Catastrophes nucléaires, cataclysmes climatiques et mers qui débordent : l’histoire récente du Japon émeut autant qu’elle inquiète Aya Takano. Mais pour l’artiste japonaise, née à Saitama et membre du studio Kaikai Kiki fondé par Takashi Murakami, l’ambition n’est pas seulement d’exhiber la violence du monde moderne. Les multiples médiums (le dessin, la peinture) et supports (toiles, livres, feuilles blanches) qui constituent son œuvre laissent au contraire espérer la possibilité d’un autre monde. « Avant même de savoir lire, enfant, je regardais les images du manga L'oiseau de Feu d'Osamu Tezuka, une fresque futuriste où trois personnes survivent à la guerre nucléaire et voyagent entre le monde microscopique et macroscopique, » se remémore l’artiste. C’est un des livres qui m’a le plus marquée, » insiste-t-elle. Son dernier projet, The Jelly Civilization Chronicle, exposé en ce moment à la galerie Perrotin, le prouve.
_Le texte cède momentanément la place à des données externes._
lemma lagr_grad_norm_le:
  assumes "N \<ge> 1" and "0 \<le> c"
    and "\<And>i. i \<in> {1..N-1} \<Longrightarrow> norm (grad_of (\<lambda>Z. lagr X Y N lam mu beta sig (W(i := Z)) WN V VN Lam) (W i)) \<le> c"
    and "norm (grad_of (\<lambda>Z. lagr X Y N lam mu beta sig W Z V VN Lam) WN) \<le> c"
    and "\<And>i. i \<in> {1..N-1} \<Longrightarrow> norm (grad_of (\<lambda>Z. lagr X Y N lam mu beta sig W WN (V(i := Z)) VN Lam) (V i)) \<le> c"
    and "norm (grad_of (\<lambda>Z. lagr X Y N lam mu beta sig W WN V Z Lam) VN) \<le> c"
    and "norm (grad_of (\<lambda>Z. lagr X Y N lam mu beta sig W WN V VN Z) Lam) \<le> c"
  shows "lagr_grad_norm X Y N lam mu beta sig W WN V VN Lam \<le> real (2*N+1) * c"
proof -
  have sq: "x\<^sup>2 \<le> c\<^sup>2" if "x \<le> c" "0 \<le> x" for x :: real using that by (rule power_mono)
  have "(\<Sum>i=1..N-1. (norm (grad_of (\<lambda>Z. lagr X Y N lam mu beta sig (W(i := Z)) WN V VN Lam) (W i)))\<^sup>2)
      \<le> real (N-1) * c\<^sup>2"
    using sum_bounded_above[of "{1..N-1}" "\<lambda>i. (norm (grad_of (\<lambda>Z. lagr X Y N lam mu beta sig (W(i := Z)) WN V VN Lam) (W i)))\<^sup>2" "c\<^sup>2"]
      assms(3) sq by simp
  moreover have "(\<Sum>i=1..N-1. (norm (grad_of (\<lambda>Z. lagr X Y N lam mu beta sig W WN (V(i := Z)) VN Lam) (V i)))\<^sup>2)
      \<le> real (N-1) * c\<^sup>2"
    using sum_bounded_above[of "{1..N-1}" "\<lambda>i. (norm (grad_of (\<lambda>Z. lagr X Y N lam mu beta sig W WN (V(i := Z)) VN Lam) (V i)))\<^sup>2" "c\<^sup>2"]
      assms(5) sq by simp
  moreover have "real (N-1) * c\<^sup>2 + c\<^sup>2 + real (N-1) * c\<^sup>2 + c\<^sup>2 + c\<^sup>2 \<le> (real (2*N+1) * c)\<^sup>2"
  proof -
    have "real (N-1) * c\<^sup>2 + c\<^sup>2 + real (N-1) * c\<^sup>2 + c\<^sup>2 + c\<^sup>2 \<le> real (2*N+1) * c\<^sup>2"
      using assms(1) by (simp add: of_nat_diff algebra_simps)
    also have "\<dots> \<le> (real (2*N+1))\<^sup>2 * c\<^sup>2" by (intro mult_right_mono) (auto simp: power2_eq_square)
    finally show ?thesis by (simp add: power_mult_distrib)
  qed
  ultimately have "(\<Sum>i=1..N-1. (norm (grad_of (\<lambda>Z. lagr X Y N lam mu beta sig (W(i := Z)) WN V VN Lam) (W i)))\<^sup>2)
     + (norm (grad_of (\<lambda>Z. lagr X Y N lam mu beta sig W Z V VN Lam) WN))\<^sup>2
     + (\<Sum>i=1..N-1. (norm (grad_of (\<lambda>Z. lagr X Y N lam mu beta sig W WN (V(i := Z)) VN Lam) (V i)))\<^sup>2)
     + (norm (grad_of (\<lambda>Z. lagr X Y N lam mu beta sig W WN V Z Lam) VN))\<^sup>2
     + (norm (grad_of (\<lambda>Z. lagr X Y N lam mu beta sig W WN V VN Z) Lam))\<^sup>2 \<le> (real (2*N+1) * c)\<^sup>2"
    using sq[OF assms(4)] sq[OF assms(6)] sq[OF assms(7)] by simp
  then have "lagr_grad_norm X Y N lam mu beta sig W WN V VN Lam \<le> sqrt ((real (2*N+1) * c)\<^sup>2)"
    unfolding lagr_grad_norm_def by (rule real_sqrt_le_mono)
  then show ?thesis using assms(2) by simp
qed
"The Jelly Civilization Chronicle” Kaikai Kiki Co., Ltd ©2017 Aya Takano/Kaikai Kiki Co., Ltd. All Rights Reserved.
Les 26 peintures et quelques dessins sur celluloïd qui composent l’exposition sont en réalité les œuvres préparatoires au manga qu’Aya Takano vient d’achever, The Jelly Civilization Chronicle. Évocateur, le titre de cet ouvrage reflète les obsessions de l’artiste qui s’attache à repenser la physicalité de ce qui nous entoure : « Le monde dans lequel nous vivons est essentiellement constitué de matériaux durs – les voitures, les machines, les immeubles sont durs – j'ai toujours détesté cette rigidité. J'ai donc imaginé une civilisation où tout serait élastique et doux. »
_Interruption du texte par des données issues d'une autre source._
lemma Phi_hat_independent_of_last_row:
  assumes M: "M \<in> so_r r" and XY: "\<And>i j. i \<noteq> 2*p + 2*r - 1 \<Longrightarrow> X i j = Y i j"
  shows "Phi_hat p r M X = Phi_hat p r M Y"
proof (intro ext)
  fix k j
  show "Phi_hat p r M X k j = Phi_hat p r M Y k j"
  proof (cases "k < r - 1 \<and> j < p")
    case False
    then show ?thesis
      by (simp only: Phi_hat_eq if_False)
  next
    case True
    have "i \<noteq> 2*p + 2*r - 1" "p + i \<noteq> 2*p + 2*r - 1" if "i < p" for i
      using True that by linarith+
    then have "inv_p p (Amat p X) = inv_p p (Amat p Y)"
      by (intro inv_p_cong) (simp add: Amat_def XY)
    moreover have "Cmat p r M X k q = Cmat p r M Y k q" for q
      using True by (simp add: Cmat_eq_sum_Ccoef[OF M] XY)
    ultimately show ?thesis
      by (simp add: Phi_hat_eq mat_mul_def)
  qed
qed

lemma Amat_rmul: "v < p \<Longrightarrow> Amat p (rmul p X g) u v = mat_mul p (Amat p X) g u v"
  by (simp add: Amat_def rmul_def mat_mul_def sum_subtractf algebra_simps)

lemma Cmat_rmul:
  assumes "a < r" "q < p"
  shows "Cmat p r M (rmul p X g) a q = mat_mul p (Cmat p r M X) (\<lambda>m q. of_real (g m q)) a q"
proof -
  have "Cmat p r M (rmul p X g) a q
      = (\<Sum>i\<in>{2*p..<2*p + 2*r}. \<Sum>m<p. of_real (X i m) * Ccoef p r M i a * of_real (g m q))"
    using assms by (simp add: Cmat_eq_sum_Ccoef_all_rows rmul_def sum_distrib_left sum_distrib_right mult_ac)
  also have "\<dots> = (\<Sum>m<p. \<Sum>i\<in>{2*p..<2*p + 2*r}. of_real (X i m) * Ccoef p r M i a * of_real (g m q))"
    by (rule sum.swap)
  also have "\<dots> = mat_mul p (Cmat p r M X) (\<lambda>m q. of_real (g m q)) a q"
    using assms by (simp add: Cmat_eq_sum_Ccoef_all_rows mat_mul_def sum_distrib_right)
  finally show ?thesis .
qed

lemma Phi_hat_rmul:
  assumes inv: "is_inverse p (Amat p X) Ai" and g: "is_inverse p g h"
  shows "Phi_hat p r M (rmul p X g) = Phi_hat p r M X"
proof (intro ext)
  fix k j
  let ?R = "\<lambda>A i j. complex_of_real (A i j)"
  show "Phi_hat p r M (rmul p X g) k j = Phi_hat p r M X k j"
  proof (cases "k < r - 1 \<and> j < p")
    case False
    then show ?thesis
      by (simp only: Phi_hat_eq if_False)
  next
    case True
    then have "k < r"
      by arith
    have inv': "is_inverse p (Amat p (rmul p X g)) (mat_mul p h Ai)"
      using is_inverse_mat_mul[OF inv g] by (rule iffD1[OF is_inverse_cong, rotated]) (simp add: Amat_rmul)
    have "mat_mul p (Cmat p r M (rmul p X g)) (?R (inv_p p (Amat p (rmul p X g)))) k j
        = mat_mul p (mat_mul p (Cmat p r M X) (?R g)) (mat_mul p (?R h) (?R Ai)) k j"
      using True
      by (intro mat_mul_cong) (simp_all add: Cmat_rmul[OF \<open>k < r\<close>] inv_p_eqI[OF inv'] mat_mul_of_real)
    also have "\<dots> = mat_mul p (Cmat p r M X) (mat_mul p (mat_mul p (?R g) (?R h)) (?R Ai)) k j"
      by (simp add: mat_mul_assoc)
    also have "\<dots> = mat_mul p (Cmat p r M X) (?R (inv_p p (Amat p X))) k j"
      using True
      by (intro mat_mul_cong) (simp_all add: is_inverse_cancel_left[OF is_inverse_of_real[OF g]] inv_p_eqI[OF inv])
    finally show ?thesis
      by (simp add: Phi_hat_eq)
  qed
qed

section \<open>Partial derivatives along coordinate lines\<close>

lemma coord_shift_apply: "coord_shift X i b t i' q = X i' q + (if i' = i \<and> q = b then t else 0)"
  by (simp add: coord_shift_def)

lemma coord_shift_coord_shift: "coord_shift (coord_shift X i b t) i b u = coord_shift X i b (t + u)"
  by (simp add: coord_shift_def fun_eq_iff)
Dans la première salle de l’exposition, Aya Takano présente Machine Civilization soit le monde tel qu'elle le perçoit. Tokyo y est dépeinte en clair-obscur, trouble et chaotique. La seconde salle accueille quant à elle ses toiles futuristes, nimbées de lumière et de couleurs éclatantes. S’y côtoient hommes, femmes, bêtes oniriques et montagnes fleuries – un règne nouveau que l'artiste surnomme la Jelly Civilization. Deux mondes donc, qui dialoguent et s'opposent. À travers leurs traits communs, Aya Takano fait pourtant état de la porosité des frontières entre réel et imaginaire et retranscrit la nature duale de l'humain. À ce titre, les personnages qui peuplent ses univers refusent de se restreindre à un genre : androgynes et juvéniles, leurs identités sont multiples et s’inscrivent en dehors de toute binarité.
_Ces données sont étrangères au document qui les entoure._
lemma psi_pos: "0 < s \<Longrightarrow> 0 < psi s"
  by (simp add: psi_def)

lemma psi_eq_0: "s \<le> 0 \<Longrightarrow> psi s = 0"
  by (simp add: psi_def)

lemma psi_mono: "s \<le> s' \<Longrightarrow> psi s \<le> psi s'"
  by (auto simp: psi_def divide_simps)

lemma tendsto_poly_mult_exp_neg_at_top:
  "((\<lambda>u::real. poly p u * exp (- u)) \<longlongrightarrow> 0) at_top"
proof -
  have "((\<lambda>u::real. \<Sum>i\<le>degree p. coeff p i * (u ^ i / exp u)) \<longlongrightarrow> (\<Sum>i\<le>degree p. coeff p i * 0)) at_top"
    by (intro tendsto_sum tendsto_mult tendsto_const tendsto_power_div_exp_0)
  moreover have "(\<lambda>u::real. poly p u * exp (- u)) = (\<lambda>u. \<Sum>i\<le>degree p. coeff p i * (u ^ i / exp u))"
    by (simp add: fun_eq_iff poly_altdef exp_minus sum_divide_distrib[symmetric] field_simps)
  ultimately show ?thesis
    by simp
qed

lemma psi_deriv_has_derivative_pos:
  assumes "0 < s"
  shows "(psi_deriv k has_real_derivative psi_deriv (Suc k) s) (at s)"
proof -
  have "((\<lambda>s. poly (psi_poly k) (1 / s) * exp (- 1 / s)) has_real_derivative
      poly (pderiv (psi_poly k)) (1 / s) * (- inverse (s\<^sup>2)) * exp (- 1 / s)
        + poly (psi_poly k) (1 / s) * (exp (- 1 / s) * inverse (s\<^sup>2))) (at s)"
    using assms
    by (auto intro!: derivative_eq_intros DERIV_chain2[OF poly_DERIV] simp: power2_eq_square field_simps)
  also have "poly (pderiv (psi_poly k)) (1 / s) * (- inverse (s\<^sup>2)) * exp (- 1 / s)
        + poly (psi_poly k) (1 / s) * (exp (- 1 / s) * inverse (s\<^sup>2)) = psi_deriv (Suc k) s"
    using assms by (simp add: psi_deriv_def power2_eq_square field_simps)
  finally show ?thesis
    by (rule has_field_derivative_transform_within_open[where S = "{0<..}"]) (use assms in \<open>auto simp: psi_deriv_def\<close>)
qed

lemma psi_deriv_has_derivative_0: "(psi_deriv k has_real_derivative psi_deriv (Suc k) 0) (at 0)"
proof -
  \<comment> \<open>Flatness at 0: for \<open>y > 0\<close> the difference quotient is again a polynomial in \<open>1/y\<close>
    times \<open>exp(-1/y)\<close>.\<close>
  have "((\<lambda>y. psi_deriv k y / y) \<longlongrightarrow> 0) (at_left 0)"
    by (rule tendsto_eventually, rule eventually_mono[OF eventually_at_left_real[of "-1" 0]])
      (auto simp: psi_deriv_def)
  moreover have "((\<lambda>y. psi_deriv k y / y) \<longlongrightarrow> 0) (at_right 0)"
  proof (rule Lim_transform_eventually)
    show "((\<lambda>y. (\<lambda>u. poly ([:0, 1:] * psi_poly k) u * exp (- u)) (inverse y)) \<longlongrightarrow> 0) (at_right 0)"
      by (rule filterlim_compose[OF tendsto_poly_mult_exp_neg_at_top filterlim_inverse_at_top_right])
    show "\<forall>\<^sub>F y in at_right 0. poly ([:0, 1:] * psi_poly k) (inverse y) * exp (- inverse y) = psi_deriv k y / y"
      by (rule eventually_mono[OF eventually_at_right_real[of 0 1]]) (auto simp: psi_deriv_def field_simps)
  qed
  ultimately have "((\<lambda>y. psi_deriv k y / y) \<longlongrightarrow> 0) (at 0)"
    by (rule filterlim_split_at)
  then show ?thesis
    by (simp add: has_field_derivative_iff psi_deriv_def)
qed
"The Adventure Inside" 2015, Photo : Claire Dorn ©2015-2017 Aya Takano/Kaikai Kiki Co., Ltd. All Rights Reserved. Courtesy Perrotin
La candeur qui émane de cet univers graphique ne doit pas nous tromper : la beauté, chez l'artiste, sert à souligner la cruauté du monde. « Avant le tsunami, je vivais essentiellement dans mes rêves, et quelque chose a changé à la suite de cet événement, confie l’artiste à propos du de la catastrophe qui a provoqué la mort de plus de 18 000 personnes en 2011. Profondément touchée par la toute-puissance de la nature, Takano explique à quel point ces cataclysmes l’ont transformée. « Je suis devenue végétarienne après le tsunami et d’un seul coup, j’ai ressenti la nécessité de renouer avec les éléments de la nature, leurs textures et leurs odeurs : celles de la terre, des arbres, des forêts... Aujourd'hui, même lorsque je marche dans la ville, j'essaie de sentir les fleurs, les plantes autour de moi. » Pour Aya Takano tout est sacré. Et il suffit de se laisser aller à la contemplation et à la rêverie pour qu'il se révèle à nous.